### TASK BRIEF:
Extract every line of the material that holds the string "obtain".
── SUPPLIED INFORMATION
lemma translate_image_compose:
  assumes a: "translation_map (indices I) (sim I) a" and b: "translation_map (indices I) (sim I) b"
    and ba: "\<forall>i\<in>delta I C. b (a i) = c i"
  shows "translate I b ` translate I a ` phi I C = translate I c ` phi I C"
  unfolding image_image
proof (rule image_cong[OF refl])
  fix f assume "f \<in> phi I C"
  then obtain i where "i \<in> delta I C" "f \<in> part I i" using phi_subset_parts by blast
  then show "translate I b (translate I a f) = translate I c f"
    using translate_translate[OF a b _ _] ba delta_subset by blast
qed

end

section \<open>Analogies as shared index maps\<close>

definition translates ::
  "('a,'r,'d,'f) dci \<Rightarrow> (nat \<Rightarrow> nat) \<Rightarrow> ('a,'r) concept \<Rightarrow> ('a,'r) concept \<Rightarrow> bool" where
  "translates I u C D \<longleftrightarrow> translation_map (indices I) (sim I) u
     \<and> admissible_for (indices I) u (delta I C) \<and> phi I D = translate I u ` phi I C"

context valid_interp
begin

lemma validU_indices: "validU I U \<Longrightarrow> (s, t) \<in> U \<Longrightarrow> s \<in> indices I \<and> t \<in> indices I"
  unfolding validU_def using equiv_type[OF equiv_sim] by blast

lemma sigU_eq_translate:
  assumes U: "validU I U" and f: "f \<in> feats I"
  shows "sigU I U f = translate I (index_map U) f"
proof -
  obtain i where i: "i \<in> indices I" "f \<in> part I i" using feats_in_part f by blast
  have inj: "inj_on fst U" using U unfolding validU_def by blast
  have from_i: "p \<in> U \<and> f \<in> part I (fst p) \<longleftrightarrow> p \<in> U \<and> fst p = i" for p
  proof -
    have "fst p = i" if "p \<in> U" "f \<in> part I (fst p)"
      using part_disjoint[OF _ i(1) that(2) i(2)] validU_indices[OF U, of "fst p" "snd p"] that(1)
      by simp
    then show ?thesis using i(2) by blast
  qed
  show ?thesis
  proof (cases "i \<in> fst ` U")
    case True
    then obtain t where it: "(i, t) \<in> U" by force
    have "(SOME p. p \<in> U \<and> f \<in> part I (fst p)) = (i, t)"
    proof (rule some_equality)
      show "(i, t) \<in> U \<and> f \<in> part I (fst (i, t))" using it i(2) by simp
      fix p assume "p \<in> U \<and> f \<in> part I (fst p)"
      then have "p \<in> U" "fst p = fst (i, t)" using from_i by auto
      then show "p = (i, t)" using inj_onD[OF inj _ _ it] by blast
    qed
    moreover have "\<exists>p\<in>U. f \<in> part I (fst p)" using it i(2) by force
    ultimately have "sigU I U f = sig I i t f" unfolding sigU_def by (simp add: Let_def)
    then show ?thesis using translate_part[OF i] index_map_eq[OF inj it] by simp
  next
    case False
    have "\<not> (\<exists>p\<in>U. f \<in> part I (fst p))"
    proof
      assume "\<exists>p\<in>U. f \<in> part I (fst p)"
      then obtain p where "p \<in> U" "fst p = i" using from_i by blast
      then show False using False by force
    qed
    then have "sigU I U f = f" unfolding sigU_def by simp
    then show ?thesis using translate_part[OF i] index_map_outside[OF False] sig_refl[OF i] by simp
  qed
qed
────
### TASK ANSWER:
  then obtain i where "i \<in> delta I C" "f \<in> part I i" using phi_subset_parts by blast
  obtain i where i: "i \<in> indices I" "f \<in> part I i" using feats_in_part f by blast
    then obtain t where it: "(i, t) \<in> U" by force
      then obtain p where "p \<in> U" "fst p = i" using from_i by blast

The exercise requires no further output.